Activity:
The job is to find each line in the entries holding the string "Cset" and copy that line.

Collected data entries
________
(* The complement of $\mathcal S_1\cup\mathcal S_2$ in the invariant torsion variety $\mathcal M\cong\mathbb{RP}^1\times\mathbb{RP}^2$ contains exactly two components $\mathcal M_\pm$. The isomorphism classes of the Lie algebras $\mathfrak g_{\mathbf x,\mathbf y}$ corresponding to points of $\mathcal M$ are as follows: (1) points of $\mathcal M_+$ correspond to the semi-simple Lie algebra $\mathfrak{so}(3)\oplus\mathfrak{so}(3)$; (2) points of $\mathcal M_-$ correspond to the semi-simple Lie algebra $\mathfrak{so}(3,\mathbb C)$; (3) points of $\mathcal S_1\setminus \mathcal C$ correspond to the semi-direct product $\mathfrak{so}(3)\ltimes\mathbb R^3$; (4) points of $\mathcal S_2\setminus \mathcal C$ correspond to the direct sum $\mathfrak{so}(3)\oplus\mathbb R^3$; (5) points of $\mathcal C = \mathcal S_1\cap \mathcal S_2$ correspond to the nilpotent Lie algebra $(0,0,0,12,13,23)$ (i.e. with a basis satisfying $df^1=df^2=df^3=0$, $df^4=f^{12}$, $df^5=f^{13}$, $df^6=f^{23}$).
   Context: Represent a point of $\mathcal M\cong\mathbb{RP}^1\times\mathbb{RP}^2$ by a pair of nonzero polynomials $\mathbf x=x_1u_1+x_2u_2$, $\mathbf y=y_1u_1^2+y_2u_1u_2+y_3u_2^2$ (up to independent scaling). To it corresponds the Lie algebra $\mathfrak g_{\mathbf x,\mathbf y}$ with a basis $e^1,\dots,e^6$ of its dual satisfying ($e^{ij}=e^i\wedge e^j$): $de^1=(x_2y_1-x_1y_2)e^{35}-x_1y_3(e^{36}+e^{45})-x_2y_3e^{46}$, $de^3=-(x_2y_1-x_1y_2)e^{15}+x_1y_3(e^{16}+e^{25})+x_2y_3e^{26}$, $de^5=(x_2y_1-x_1y_2)e^{13}-x_1y_3(e^{14}+e^{23})-x_2y_3e^{24}$, $de^2=x_1y_1e^{35}-(x_1y_3-y_2x_2)e^{46}+x_2y_1(e^{36}+e^{45})$, $de^4=-x_1y_1e^{15}+(x_1y_3-y_2x_2)e^{26}-x_2y_1(e^{16}+e^{25})$, $de^6=x_1y_1e^{13}-(x_1y_3-y_2x_2)e^{24}+x_2y_1(e^{14}+e^{23})$ (these are exactly the left-invariant $SO(3)$-structures with invariant intrinsic torsion whose flat connection has invariant torsion, up to scale). Let $\Delta(\mathbf y)=y_2^2-4y_1y_3$ and $R(\mathbf x,\mathbf y)=x_2^2y_1+y_3x_1^2-y_2x_2x_1$ (discriminant and resultant). Define the subvarieties $\mathcal M_+=\{\Delta>0,R\neq0\}$, $\mathcal M_-=\{\Delta<0,R\neq0\}$, $\mathcal S_1=\{\Delta=0\}$, $\mathcal S_2=\{R=0\}$, $\mathcal C=\mathcal S_1\cap\mathcal S_2$ (the locus where $\mathbf y$ is a multiple of $\mathbf x^2$). *)

theory Defs
  imports "HOL-Analysis.Analysis"
begin

text \<open>The 2-form e^{ij} on real^6 (indices 1..6; note that in the numeral type 6
  the literal 6 denotes the sixth, distinct, element).\<close>
definition e2 :: "6 \<Rightarrow> 6 \<Rightarrow> real^6 \<Rightarrow> real^6 \<Rightarrow> real" where
  "e2 i j X Y = X$i * Y$j - X$j * Y$i"

text \<open>Lie bracket determined by differentials de^1..de^6 via de^k(X,Y) = - e^k([X,Y]).\<close>
definition bracket_of_d ::
  "(real^6 \<Rightarrow> real^6 \<Rightarrow> real) \<Rightarrow> (real^6 \<Rightarrow> real^6 \<Rightarrow> real) \<Rightarrow> (real^6 \<Rightarrow> real^6 \<Rightarrow> real) \<Rightarrow>
   (real^6 \<Rightarrow> real^6 \<Rightarrow> real) \<Rightarrow> (real^6 \<Rightarrow> real^6 \<Rightarrow> real) \<Rightarrow> (real^6 \<Rightarrow> real^6 \<Rightarrow> real) \<Rightarrow>
   real^6 \<Rightarrow> real^6 \<Rightarrow> real^6" where
  "bracket_of_d d1 d2 d3 d4 d5 d6 X Y =
     (\<chi> k. - (if k = 1 then d1 X Y else if k = 2 then d2 X Y else if k = 3 then d3 X Y
              else if k = 4 then d4 X Y else if k = 5 then d5 X Y else d6 X Y))"

text \<open>The Lie algebra g_{x,y}, x = x1 u1 + x2 u2, y = y1 u1^2 + y2 u1 u2 + y3 u2^2.\<close>
definition g_xy :: "real^2 \<Rightarrow> real^3 \<Rightarrow> real^6 \<Rightarrow> real^6 \<Rightarrow> real^6" where
  "g_xy x y = (let x1 = x$1; x2 = x$2; y1 = y$1; y2 = y$2; y3 = y$3 in
     bracket_of_d
      (\<lambda>X Y. (x2*y1 - x1*y2) * e2 3 5 X Y - x1*y3 * (e2 3 6 X Y + e2 4 5 X Y) - x2*y3 * e2 4 6 X Y)
      (\<lambda>X Y. x1*y1 * e2 3 5 X Y - (x1*y3 - y2*x2) * e2 4 6 X Y + x2*y1 * (e2 3 6 X Y + e2 4 5 X Y))
      (\<lambda>X Y. - (x2*y1 - x1*y2) * e2 1 5 X Y + x1*y3 * (e2 1 6 X Y + e2 2 5 X Y) + x2*y3 * e2 2 6 X Y)
      (\<lambda>X Y. - x1*y1 * e2 1 5 X Y + (x1*y3 - y2*x2) * e2 2 6 X Y - x2*y1 * (e2 1 6 X Y + e2 2 5 X Y))
      (\<lambda>X Y. (x2*y1 - x1*y2) * e2 1 3 X Y - x1*y3 * (e2 1 4 X Y + e2 2 3 X Y) - x2*y3 * e2 2 4 X Y)
      (\<lambda>X Y. x1*y1 * e2 1 3 X Y - (x1*y3 - y2*x2) * e2 2 4 X Y + x2*y1 * (e2 1 4 X Y + e2 2 3 X Y)))"

definition disc :: "real^3 \<Rightarrow> real" where
  "disc y = (y$2)^2 - 4 * y$1 * y$3"
definition resultant :: "real^2 \<Rightarrow> real^3 \<Rightarrow> real" where
  "resultant x y = (x$2)^2 * y$1 + y$3 * (x$1)^2 - y$2 * x$2 * x$1"

text \<open>Representatives (pairs of nonzero polynomials) of the subvarieties.\<close>
definition Mrep :: "((real^2) \<times> (real^3)) set" where
  "Mrep = {(x, y). x \<noteq> 0 \<and> y \<noteq> 0}"
definition Mplus :: "((real^2) \<times> (real^3)) set" where
  "Mplus = {(x, y) \<in> Mrep. disc y > 0 \<and> resultant x y \<noteq> 0}"
definition Mminus :: "((real^2) \<times> (real^3)) set" where
  "Mminus = {(x, y) \<in> Mrep. disc y < 0 \<and> resultant x y \<noteq> 0}"
definition S1 :: "((real^2) \<times> (real^3)) set" where
  "S1 = {(x, y) \<in> Mrep. disc y = 0}"
definition S2 :: "((real^2) \<times> (real^3)) set" where
  "S2 = {(x, y) \<in> Mrep. resultant x y = 0}"
definition Cset :: "((real^2) \<times> (real^3)) set" where
  "Cset = S1 \<inter> S2"

text \<open>Standard embedding of RP^{n-1} into symmetric matrices, v \<mapsto> v v^T / |v|^2,
  giving a homeomorphic model of M = RP^1 \<times> RP^2 inside a Euclidean space.\<close>
definition proj_emb :: "real^'n \<Rightarrow> real^'n^'n" where
  "proj_emb v = (\<chi> i j. v$i * v$j / (v \<bullet> v))"
definition M_emb :: "(real^2) \<times> (real^3) \<Rightarrow> (real^2^2) \<times> (real^3^3)" where
  "M_emb p = (proj_emb (fst p), proj_emb (snd p))"

definition lie_iso :: "(real^6 \<Rightarrow> real^6 \<Rightarrow> real^6) \<Rightarrow> (real^6 \<Rightarrow> real^6 \<Rightarrow> real^6) \<Rightarrow> bool" where
  "lie_iso b1 b2 \<longleftrightarrow> (\<exists>f. linear f \<and> bij f \<and> (\<forall>X Y. f (b1 X Y) = b2 (f X) (f Y)))"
________
Output below:
definition Cset :: "((real^2) \<times> (real^3)) set" where
  "Cset = S1 \<inter> S2"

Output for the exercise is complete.